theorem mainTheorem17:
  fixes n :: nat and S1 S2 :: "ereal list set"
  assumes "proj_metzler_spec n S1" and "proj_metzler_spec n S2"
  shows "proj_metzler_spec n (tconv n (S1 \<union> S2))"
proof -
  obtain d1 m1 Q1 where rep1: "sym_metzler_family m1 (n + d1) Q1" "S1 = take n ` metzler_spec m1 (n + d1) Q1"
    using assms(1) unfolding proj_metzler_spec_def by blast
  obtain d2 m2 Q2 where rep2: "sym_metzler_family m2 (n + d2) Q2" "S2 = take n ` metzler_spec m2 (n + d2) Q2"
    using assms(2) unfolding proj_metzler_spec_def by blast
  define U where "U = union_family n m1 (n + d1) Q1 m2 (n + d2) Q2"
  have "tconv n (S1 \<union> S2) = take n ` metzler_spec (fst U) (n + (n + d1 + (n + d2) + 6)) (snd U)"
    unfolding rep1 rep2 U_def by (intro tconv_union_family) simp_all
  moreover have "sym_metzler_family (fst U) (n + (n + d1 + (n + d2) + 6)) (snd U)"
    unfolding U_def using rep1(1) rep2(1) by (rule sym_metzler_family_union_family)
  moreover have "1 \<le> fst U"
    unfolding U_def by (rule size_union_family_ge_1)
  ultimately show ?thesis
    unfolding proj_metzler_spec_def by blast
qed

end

====================

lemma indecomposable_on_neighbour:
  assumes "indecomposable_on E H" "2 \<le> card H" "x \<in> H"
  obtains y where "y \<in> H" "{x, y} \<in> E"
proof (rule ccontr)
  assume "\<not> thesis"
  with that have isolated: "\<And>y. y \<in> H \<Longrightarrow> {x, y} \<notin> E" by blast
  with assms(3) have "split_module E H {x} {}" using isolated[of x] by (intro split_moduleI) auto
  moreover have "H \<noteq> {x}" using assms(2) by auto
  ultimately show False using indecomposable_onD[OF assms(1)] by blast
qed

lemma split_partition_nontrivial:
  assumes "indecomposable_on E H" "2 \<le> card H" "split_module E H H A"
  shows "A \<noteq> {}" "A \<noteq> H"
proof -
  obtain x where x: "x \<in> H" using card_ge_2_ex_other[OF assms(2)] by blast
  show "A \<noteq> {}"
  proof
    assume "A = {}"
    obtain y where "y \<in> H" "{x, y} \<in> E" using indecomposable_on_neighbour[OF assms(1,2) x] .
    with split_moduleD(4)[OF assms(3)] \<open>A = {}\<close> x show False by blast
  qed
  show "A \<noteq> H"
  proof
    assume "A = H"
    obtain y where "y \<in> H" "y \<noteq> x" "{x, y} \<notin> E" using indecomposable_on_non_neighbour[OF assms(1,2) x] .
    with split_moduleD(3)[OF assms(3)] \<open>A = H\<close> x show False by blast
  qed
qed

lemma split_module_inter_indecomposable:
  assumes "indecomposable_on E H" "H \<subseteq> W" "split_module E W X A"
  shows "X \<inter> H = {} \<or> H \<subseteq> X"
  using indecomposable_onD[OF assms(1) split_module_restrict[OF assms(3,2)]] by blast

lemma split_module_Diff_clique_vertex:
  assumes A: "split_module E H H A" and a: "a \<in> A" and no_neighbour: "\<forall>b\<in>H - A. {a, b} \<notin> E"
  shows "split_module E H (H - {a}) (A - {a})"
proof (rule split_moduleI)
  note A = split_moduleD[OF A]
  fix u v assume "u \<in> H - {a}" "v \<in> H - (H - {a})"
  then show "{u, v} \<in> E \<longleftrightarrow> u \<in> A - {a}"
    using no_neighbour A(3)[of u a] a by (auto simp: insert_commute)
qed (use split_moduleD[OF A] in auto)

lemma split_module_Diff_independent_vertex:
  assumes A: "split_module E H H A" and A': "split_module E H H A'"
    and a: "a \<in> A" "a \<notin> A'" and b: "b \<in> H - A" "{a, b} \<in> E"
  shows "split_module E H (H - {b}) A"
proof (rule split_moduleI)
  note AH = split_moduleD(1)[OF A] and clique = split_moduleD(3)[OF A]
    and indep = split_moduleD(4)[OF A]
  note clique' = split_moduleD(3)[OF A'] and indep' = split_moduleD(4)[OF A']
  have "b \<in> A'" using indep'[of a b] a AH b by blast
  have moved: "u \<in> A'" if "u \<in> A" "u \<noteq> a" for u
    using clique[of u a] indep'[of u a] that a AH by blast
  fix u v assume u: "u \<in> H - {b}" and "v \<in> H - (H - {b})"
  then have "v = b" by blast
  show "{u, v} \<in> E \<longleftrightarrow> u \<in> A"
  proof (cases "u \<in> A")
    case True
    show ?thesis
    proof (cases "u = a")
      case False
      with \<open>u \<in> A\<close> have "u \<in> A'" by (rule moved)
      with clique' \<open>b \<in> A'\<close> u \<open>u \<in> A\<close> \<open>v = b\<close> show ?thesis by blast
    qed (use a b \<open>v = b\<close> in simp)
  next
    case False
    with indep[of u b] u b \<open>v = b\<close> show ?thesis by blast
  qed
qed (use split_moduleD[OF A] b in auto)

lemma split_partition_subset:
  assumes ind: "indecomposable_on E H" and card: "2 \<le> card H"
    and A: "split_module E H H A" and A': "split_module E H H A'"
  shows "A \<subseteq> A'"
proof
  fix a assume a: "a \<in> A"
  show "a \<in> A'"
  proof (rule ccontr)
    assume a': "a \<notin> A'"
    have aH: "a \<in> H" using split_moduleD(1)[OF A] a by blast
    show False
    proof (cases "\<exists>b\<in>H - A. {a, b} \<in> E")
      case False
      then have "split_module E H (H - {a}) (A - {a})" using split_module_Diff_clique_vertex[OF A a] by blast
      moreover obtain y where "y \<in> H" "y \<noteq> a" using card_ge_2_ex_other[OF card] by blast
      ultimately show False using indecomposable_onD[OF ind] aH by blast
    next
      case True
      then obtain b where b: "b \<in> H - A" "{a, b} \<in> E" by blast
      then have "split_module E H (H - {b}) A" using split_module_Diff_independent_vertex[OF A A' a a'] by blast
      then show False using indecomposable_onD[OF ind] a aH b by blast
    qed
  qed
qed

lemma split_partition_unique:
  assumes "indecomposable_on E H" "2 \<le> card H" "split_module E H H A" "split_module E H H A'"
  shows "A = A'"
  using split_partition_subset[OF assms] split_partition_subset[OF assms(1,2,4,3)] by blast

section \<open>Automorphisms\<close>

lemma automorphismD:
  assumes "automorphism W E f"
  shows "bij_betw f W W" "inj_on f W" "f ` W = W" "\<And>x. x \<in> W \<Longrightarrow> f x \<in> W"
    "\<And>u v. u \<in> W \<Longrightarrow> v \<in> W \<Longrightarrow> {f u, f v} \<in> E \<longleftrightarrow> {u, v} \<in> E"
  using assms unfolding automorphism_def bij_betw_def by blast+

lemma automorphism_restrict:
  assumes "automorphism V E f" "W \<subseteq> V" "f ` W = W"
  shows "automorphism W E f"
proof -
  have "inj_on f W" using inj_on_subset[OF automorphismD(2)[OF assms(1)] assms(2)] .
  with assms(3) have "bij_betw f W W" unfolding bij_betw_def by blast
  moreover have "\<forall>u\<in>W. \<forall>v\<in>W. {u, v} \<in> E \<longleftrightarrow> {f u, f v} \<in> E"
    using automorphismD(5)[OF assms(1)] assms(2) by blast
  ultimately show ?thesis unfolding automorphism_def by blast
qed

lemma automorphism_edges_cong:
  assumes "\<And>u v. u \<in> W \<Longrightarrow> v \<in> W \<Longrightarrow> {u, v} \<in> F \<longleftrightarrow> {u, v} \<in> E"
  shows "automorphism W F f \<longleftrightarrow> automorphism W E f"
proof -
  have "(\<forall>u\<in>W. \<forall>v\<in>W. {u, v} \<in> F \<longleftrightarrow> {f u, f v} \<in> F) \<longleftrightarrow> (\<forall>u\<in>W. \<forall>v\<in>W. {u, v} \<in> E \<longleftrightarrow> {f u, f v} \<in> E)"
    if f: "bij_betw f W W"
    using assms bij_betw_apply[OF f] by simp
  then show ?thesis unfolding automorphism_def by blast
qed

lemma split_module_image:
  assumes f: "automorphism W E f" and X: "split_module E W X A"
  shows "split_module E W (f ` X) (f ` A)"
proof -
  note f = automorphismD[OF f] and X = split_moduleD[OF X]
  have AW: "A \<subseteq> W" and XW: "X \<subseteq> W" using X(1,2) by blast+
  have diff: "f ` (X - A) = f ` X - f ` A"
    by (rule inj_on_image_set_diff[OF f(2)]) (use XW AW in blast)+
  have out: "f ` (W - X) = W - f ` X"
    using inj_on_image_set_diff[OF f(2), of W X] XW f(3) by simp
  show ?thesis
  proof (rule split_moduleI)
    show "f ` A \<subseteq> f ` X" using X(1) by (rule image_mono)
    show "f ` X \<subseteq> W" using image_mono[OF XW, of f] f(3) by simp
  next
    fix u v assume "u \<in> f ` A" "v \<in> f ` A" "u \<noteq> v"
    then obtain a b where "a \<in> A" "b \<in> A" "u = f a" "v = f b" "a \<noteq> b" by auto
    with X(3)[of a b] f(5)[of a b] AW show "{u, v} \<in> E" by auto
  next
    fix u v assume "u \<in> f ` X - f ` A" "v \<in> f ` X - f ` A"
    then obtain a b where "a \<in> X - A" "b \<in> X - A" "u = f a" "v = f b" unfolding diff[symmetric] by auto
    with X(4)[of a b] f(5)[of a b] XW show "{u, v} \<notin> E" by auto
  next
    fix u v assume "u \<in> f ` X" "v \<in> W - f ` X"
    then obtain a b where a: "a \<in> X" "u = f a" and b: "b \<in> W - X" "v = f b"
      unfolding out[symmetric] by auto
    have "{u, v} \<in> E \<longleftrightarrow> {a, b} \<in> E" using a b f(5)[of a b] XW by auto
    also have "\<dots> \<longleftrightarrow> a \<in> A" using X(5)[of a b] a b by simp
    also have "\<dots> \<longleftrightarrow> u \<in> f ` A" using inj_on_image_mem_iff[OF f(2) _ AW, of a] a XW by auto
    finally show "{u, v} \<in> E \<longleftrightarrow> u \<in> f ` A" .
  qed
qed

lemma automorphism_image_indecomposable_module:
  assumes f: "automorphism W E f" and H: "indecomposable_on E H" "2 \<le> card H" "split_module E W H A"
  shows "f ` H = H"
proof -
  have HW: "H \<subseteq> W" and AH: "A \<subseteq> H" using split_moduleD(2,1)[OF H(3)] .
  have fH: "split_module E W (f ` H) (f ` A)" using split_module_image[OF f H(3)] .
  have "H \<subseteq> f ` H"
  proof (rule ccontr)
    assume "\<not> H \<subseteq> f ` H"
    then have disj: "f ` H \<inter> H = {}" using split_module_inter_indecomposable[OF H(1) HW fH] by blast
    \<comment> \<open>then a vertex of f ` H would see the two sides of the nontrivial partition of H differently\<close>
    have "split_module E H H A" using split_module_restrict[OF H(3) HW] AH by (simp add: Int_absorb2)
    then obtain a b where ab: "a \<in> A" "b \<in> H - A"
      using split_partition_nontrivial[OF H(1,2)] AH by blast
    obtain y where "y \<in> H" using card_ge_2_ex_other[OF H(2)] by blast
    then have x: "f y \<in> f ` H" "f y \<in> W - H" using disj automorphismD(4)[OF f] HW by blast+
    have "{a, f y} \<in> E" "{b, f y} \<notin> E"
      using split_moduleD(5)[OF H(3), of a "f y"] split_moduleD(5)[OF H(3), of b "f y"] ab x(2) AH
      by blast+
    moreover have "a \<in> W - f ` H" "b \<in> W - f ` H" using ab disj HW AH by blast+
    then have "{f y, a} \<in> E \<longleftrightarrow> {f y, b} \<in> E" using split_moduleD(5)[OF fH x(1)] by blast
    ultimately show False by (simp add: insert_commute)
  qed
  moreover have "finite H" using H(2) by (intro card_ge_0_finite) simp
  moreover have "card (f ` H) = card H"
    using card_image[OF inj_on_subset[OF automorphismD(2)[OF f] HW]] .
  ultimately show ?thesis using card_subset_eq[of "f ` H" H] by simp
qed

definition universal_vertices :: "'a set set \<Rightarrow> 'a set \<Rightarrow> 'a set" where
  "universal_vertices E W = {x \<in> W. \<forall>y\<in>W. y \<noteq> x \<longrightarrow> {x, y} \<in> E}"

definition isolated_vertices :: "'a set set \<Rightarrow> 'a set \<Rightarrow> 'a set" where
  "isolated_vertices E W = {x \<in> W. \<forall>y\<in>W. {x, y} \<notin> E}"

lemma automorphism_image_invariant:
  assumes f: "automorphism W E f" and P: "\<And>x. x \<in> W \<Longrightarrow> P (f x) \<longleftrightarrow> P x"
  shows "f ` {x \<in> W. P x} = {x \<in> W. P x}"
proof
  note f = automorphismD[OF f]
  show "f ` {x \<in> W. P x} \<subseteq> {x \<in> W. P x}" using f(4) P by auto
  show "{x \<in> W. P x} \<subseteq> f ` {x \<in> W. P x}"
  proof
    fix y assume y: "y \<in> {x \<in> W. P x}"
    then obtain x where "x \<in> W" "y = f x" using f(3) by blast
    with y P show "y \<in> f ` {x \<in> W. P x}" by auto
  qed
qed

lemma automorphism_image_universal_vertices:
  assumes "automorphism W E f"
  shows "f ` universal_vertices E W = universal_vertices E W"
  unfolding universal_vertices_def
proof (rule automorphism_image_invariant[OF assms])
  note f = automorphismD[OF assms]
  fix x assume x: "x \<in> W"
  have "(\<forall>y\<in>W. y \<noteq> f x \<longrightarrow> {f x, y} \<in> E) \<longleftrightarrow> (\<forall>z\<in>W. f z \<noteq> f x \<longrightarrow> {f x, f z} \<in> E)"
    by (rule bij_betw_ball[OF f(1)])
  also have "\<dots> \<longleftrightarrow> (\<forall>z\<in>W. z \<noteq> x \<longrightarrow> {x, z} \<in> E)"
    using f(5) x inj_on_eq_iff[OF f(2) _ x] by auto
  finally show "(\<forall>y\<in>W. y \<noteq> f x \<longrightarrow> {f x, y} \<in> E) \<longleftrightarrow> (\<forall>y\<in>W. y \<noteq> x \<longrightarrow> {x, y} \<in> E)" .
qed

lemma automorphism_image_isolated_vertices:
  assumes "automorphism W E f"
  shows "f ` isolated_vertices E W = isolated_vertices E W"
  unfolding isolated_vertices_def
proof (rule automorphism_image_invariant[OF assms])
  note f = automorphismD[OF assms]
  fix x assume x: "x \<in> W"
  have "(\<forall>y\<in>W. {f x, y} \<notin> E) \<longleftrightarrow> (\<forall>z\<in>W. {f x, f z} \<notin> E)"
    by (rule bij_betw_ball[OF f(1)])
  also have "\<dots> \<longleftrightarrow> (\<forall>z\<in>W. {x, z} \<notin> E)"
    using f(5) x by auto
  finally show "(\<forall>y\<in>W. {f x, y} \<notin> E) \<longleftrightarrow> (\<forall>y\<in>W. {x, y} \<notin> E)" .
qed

====================

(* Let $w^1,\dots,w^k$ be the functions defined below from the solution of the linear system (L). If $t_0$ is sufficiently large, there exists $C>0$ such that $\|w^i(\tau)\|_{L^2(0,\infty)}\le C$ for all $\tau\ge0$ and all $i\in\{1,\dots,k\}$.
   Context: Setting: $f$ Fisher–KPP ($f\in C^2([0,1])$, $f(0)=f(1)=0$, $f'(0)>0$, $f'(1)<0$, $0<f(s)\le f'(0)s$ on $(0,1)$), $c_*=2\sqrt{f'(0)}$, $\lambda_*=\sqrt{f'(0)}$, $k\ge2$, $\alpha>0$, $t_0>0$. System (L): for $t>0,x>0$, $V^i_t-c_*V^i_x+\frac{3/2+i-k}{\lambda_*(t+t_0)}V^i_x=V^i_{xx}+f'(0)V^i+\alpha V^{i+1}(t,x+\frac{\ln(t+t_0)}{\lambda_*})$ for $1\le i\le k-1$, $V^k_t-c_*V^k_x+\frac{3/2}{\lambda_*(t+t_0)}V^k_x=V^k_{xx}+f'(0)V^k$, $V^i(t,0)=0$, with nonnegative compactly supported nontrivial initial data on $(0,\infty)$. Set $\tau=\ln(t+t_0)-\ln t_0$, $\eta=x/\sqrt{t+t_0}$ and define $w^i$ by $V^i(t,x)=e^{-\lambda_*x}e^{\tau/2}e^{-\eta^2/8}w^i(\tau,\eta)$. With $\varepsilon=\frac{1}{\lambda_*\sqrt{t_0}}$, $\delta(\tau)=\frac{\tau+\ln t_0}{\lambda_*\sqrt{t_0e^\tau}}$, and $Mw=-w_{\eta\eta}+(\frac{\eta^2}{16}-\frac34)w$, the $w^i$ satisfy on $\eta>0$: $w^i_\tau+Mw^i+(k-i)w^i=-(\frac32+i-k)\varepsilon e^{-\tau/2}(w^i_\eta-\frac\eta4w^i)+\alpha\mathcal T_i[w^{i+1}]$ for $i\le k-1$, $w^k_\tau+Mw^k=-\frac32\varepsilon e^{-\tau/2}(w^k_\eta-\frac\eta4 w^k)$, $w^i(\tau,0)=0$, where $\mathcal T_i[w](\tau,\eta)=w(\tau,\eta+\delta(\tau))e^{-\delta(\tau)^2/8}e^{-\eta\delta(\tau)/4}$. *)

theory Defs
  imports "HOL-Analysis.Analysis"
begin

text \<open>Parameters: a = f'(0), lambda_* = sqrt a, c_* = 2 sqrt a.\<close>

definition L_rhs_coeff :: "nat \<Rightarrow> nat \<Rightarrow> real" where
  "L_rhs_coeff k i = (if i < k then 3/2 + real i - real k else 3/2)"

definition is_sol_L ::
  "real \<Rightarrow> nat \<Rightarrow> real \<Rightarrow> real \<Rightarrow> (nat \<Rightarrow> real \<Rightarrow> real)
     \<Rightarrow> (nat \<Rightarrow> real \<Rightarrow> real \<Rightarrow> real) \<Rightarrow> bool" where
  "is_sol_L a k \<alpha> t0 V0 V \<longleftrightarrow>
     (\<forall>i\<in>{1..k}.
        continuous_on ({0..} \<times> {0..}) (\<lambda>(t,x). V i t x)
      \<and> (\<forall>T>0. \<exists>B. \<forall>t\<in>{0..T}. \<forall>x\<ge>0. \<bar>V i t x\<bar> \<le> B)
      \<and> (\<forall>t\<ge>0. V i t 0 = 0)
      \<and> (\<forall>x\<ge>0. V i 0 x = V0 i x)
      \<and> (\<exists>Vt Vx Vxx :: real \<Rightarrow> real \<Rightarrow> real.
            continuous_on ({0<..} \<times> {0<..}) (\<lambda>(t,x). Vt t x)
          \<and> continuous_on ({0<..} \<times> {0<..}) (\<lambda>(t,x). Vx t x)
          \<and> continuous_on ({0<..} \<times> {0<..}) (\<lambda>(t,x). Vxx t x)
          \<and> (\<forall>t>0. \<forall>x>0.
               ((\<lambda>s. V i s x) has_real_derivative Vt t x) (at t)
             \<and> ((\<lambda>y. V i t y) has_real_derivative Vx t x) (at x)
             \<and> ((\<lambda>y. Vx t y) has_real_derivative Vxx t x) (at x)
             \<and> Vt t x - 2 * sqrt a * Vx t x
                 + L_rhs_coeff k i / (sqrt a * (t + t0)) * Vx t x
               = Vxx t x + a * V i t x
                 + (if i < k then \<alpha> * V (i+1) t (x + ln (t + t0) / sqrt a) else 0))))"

====================

Task description » Go through the listing above and list every line that has the word "thesis".

Task answer »
  ultimately show ?thesis
  assume "\<not> thesis"
    show ?thesis
      with clique' \<open>b \<in> A'\<close> u \<open>u \<in> A\<close> \<open>v = b\<close> show ?thesis by blast
    with indep[of u b] u b \<open>v = b\<close> show ?thesis by blast
  ultimately show ?thesis unfolding automorphism_def by blast
  then show ?thesis unfolding automorphism_def by blast
  show ?thesis
  ultimately show ?thesis using card_subset_eq[of "f ` H" H] by simp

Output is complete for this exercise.